PRESENTED BY Carmelina Martin (she/her)  


The workshop will unpack a new unit/resource recently developed for the Grade 11 Contemporary dance course for CODE. The unit explores and models decolonizing practices in dance education. Using generative and body-led inquiry processes, the workshop will engage in frameworks and strategies that situate  bodies in the built environment as well as natural spaces so that participants can interrogate and derive meaning from their positionality. The goals of the workshop are to: explore ideas and concepts relating to what and who influences, informs and governs how they move in a dance class and by extension how they move in the world and interrogate and question those influences and what/who becomes valued in dance. 


You may be particularly intrigued in this workshop if your focus is: Secondary Dance

Workshop #B5 Presenter Biography

Carmelina Martin

In the last three decades my professional, creative and pedagogical activities have mostly taken place in education contexts. My education activities include working with children, youth, educators and artists from diverse populations and communities. I have presented at provincial, national and international conferences, where I advocate and model innovative pedagogical practices in dance education. I have contributed in various capacities in the development of dance curriculum policy, guidelines and resources for Ontario teachers. I am the founder of Pulse Ontario Dance Conference that hosts a 3-day provincial gathering for dance educators, youth, emerging and established dance artists. My artistic activities include creating, producing and performing for the stage, single channel, 360 degree video and site-based immersive events. My recent activities as an embodied scholar engages in research activities that centralizes the body in research endeavors. 
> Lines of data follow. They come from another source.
(* In an instance of the Profile Matching Problem (defined in the context), if the distances $d(x,y)$ of a given participant $x$ to all members $y$ of the opposite sex are pairwise distinct, then $x$ has a unique stable partner.
   Context: Profile Matching Problem: a set $\mathcal{M}$ of $n$ men and a set $\mathcal{W}$ of $n$ women; each participant $x$ has a profile $\mathbf{a}(x)\in Q_k=\{0,1\}^k$. The distance $d$ on $Q_k$ is either the Hamming distance $d_h(\mathbf{a},\mathbf{a}')=\sum_{i=1}^k\mathbf{1}(a_i\ne a_i')$ or the Weighted Hamming distance $d_w(\mathbf{a},\mathbf{a}')=\sum_{i=1}^k2^{-i}\mathbf{1}(a_i\ne a_i')$; $d(x,y)=d(\mathbf{a}(x),\mathbf{a}(y))$. Each participant $x$ has a tie-breaking list $T_x$ (a strict order on the opposite sex); the strict preference list of $x$ ranks the opposite sex in increasing order of $d(x,\cdot)$, ties broken by $T_x$. Stable matchings are in the sense of Gale and Shapley; $y$ is a stable partner of $x$ if they are matched in some stable matching. *)

theory Defs
  imports Complex_Main
begin

text \<open>A profile a(x) in Q_k is a function nat => bool, of which only the coordinates
1..k are relevant. The tie-breaking list T_x is a rank function T x, injective on the
opposite sex (smaller rank = more preferred).\<close>

definition hamming :: "nat \<Rightarrow> (nat \<Rightarrow> bool) \<Rightarrow> (nat \<Rightarrow> bool) \<Rightarrow> real" where
  "hamming k a b = real (card {i \<in> {1..k}. a i \<noteq> b i})"

definition whamming :: "nat \<Rightarrow> (nat \<Rightarrow> bool) \<Rightarrow> (nat \<Rightarrow> bool) \<Rightarrow> real" where
  "whamming k a b = (\<Sum>i\<in>{1..k}. if a i \<noteq> b i then (1/2) ^ i else 0)"

definition opp :: "'p set \<Rightarrow> 'p set \<Rightarrow> 'p \<Rightarrow> 'p set" where
  "opp M W x = (if x \<in> M then W else M)"

definition prefers :: "((nat \<Rightarrow> bool) \<Rightarrow> (nat \<Rightarrow> bool) \<Rightarrow> real) \<Rightarrow> ('p \<Rightarrow> nat \<Rightarrow> bool)
    \<Rightarrow> ('p \<Rightarrow> 'p \<Rightarrow> nat) \<Rightarrow> 'p \<Rightarrow> 'p \<Rightarrow> 'p \<Rightarrow> bool" where
  "prefers d a T x y z \<longleftrightarrow>
     d (a x) (a y) < d (a x) (a z) \<or> (d (a x) (a y) = d (a x) (a z) \<and> T x y < T x z)"

definition profile_instance :: "'p set \<Rightarrow> 'p set \<Rightarrow> nat \<Rightarrow>
    ((nat \<Rightarrow> bool) \<Rightarrow> (nat \<Rightarrow> bool) \<Rightarrow> real) \<Rightarrow> ('p \<Rightarrow> 'p \<Rightarrow> nat) \<Rightarrow> bool" where
  "profile_instance M W k d T \<longleftrightarrow>
     finite M \<and> finite W \<and> M \<inter> W = {} \<and> card M = card W \<and>
     (d = hamming k \<or> d = whamming k) \<and>
     (\<forall>x \<in> M \<union> W. inj_on (T x) (opp M W x))"

definition is_matching :: "'p set \<Rightarrow> 'p set \<Rightarrow> ('p \<Rightarrow> 'p) \<Rightarrow> bool" where
  "is_matching M W mu \<longleftrightarrow>
     (\<forall>m \<in> M. mu m \<in> W \<and> mu (mu m) = m) \<and> (\<forall>w \<in> W. mu w \<in> M \<and> mu (mu w) = w)"

definition stable_matching :: "'p set \<Rightarrow> 'p set \<Rightarrow> ((nat \<Rightarrow> bool) \<Rightarrow> (nat \<Rightarrow> bool) \<Rightarrow> real)
    \<Rightarrow> ('p \<Rightarrow> nat \<Rightarrow> bool) \<Rightarrow> ('p \<Rightarrow> 'p \<Rightarrow> nat) \<Rightarrow> ('p \<Rightarrow> 'p) \<Rightarrow> bool" where
  "stable_matching M W d a T mu \<longleftrightarrow> is_matching M W mu \<and>
     \<not> (\<exists>m \<in> M. \<exists>w \<in> W. prefers d a T m w (mu m) \<and> prefers d a T w m (mu w))"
Workshop #B6 - Teaching Tough Topics: Making Meaning Through Drama

PRESENTED BY Deborah Nyman and Larry Swartz


In the past two years our students have witnessed and experienced "Tough Topics". They have witnessed or experienced the pain and and loss and isolation associated with Covid. They have witnessed or experienced increased examples of anti black racism, anti-semitism, islamophobia in their communities. We need to help our students make sense of this moment. This workshop will provide drama strategies to invite, include and engage all students in the exploration of "tough topics". 


These strategies will invite students to bring their stories and experiences into the circle, to give them a voice as they share, explore, communicate, wrestle with and deepen understanding of these challenging topics. These strategies will include role play, storytelling, teacher in role, interacting with text and writing. Through the workshop teachers will experience a model to take back to the classroom to engage students with topics challenging to teach, yet key to building a better understanding of social justice, diversity and equity. 


You may be particularly intrigued in this workshop if your focus is: Beginning with the Basics

WORKSHOP #B6 PRESENTER BIOGRAPHIES

Debbie Nyman

Debbie Nyman

Debbie Nyman

Debbie Nyman is an arts educator, presenter and author. A long time classroom teacher and instructor at OISE, Debbie works with teachers to develop and implement experiential strategies to deepen and enrich student learning.  

Larry Swartz

Debbie Nyman

Debbie Nyman

Larry Swartz is an instructor at OISE -University of Toronto and a popular international presenter and author. His work centers on using children's books to deepen social justice, diversity, and equity understanding.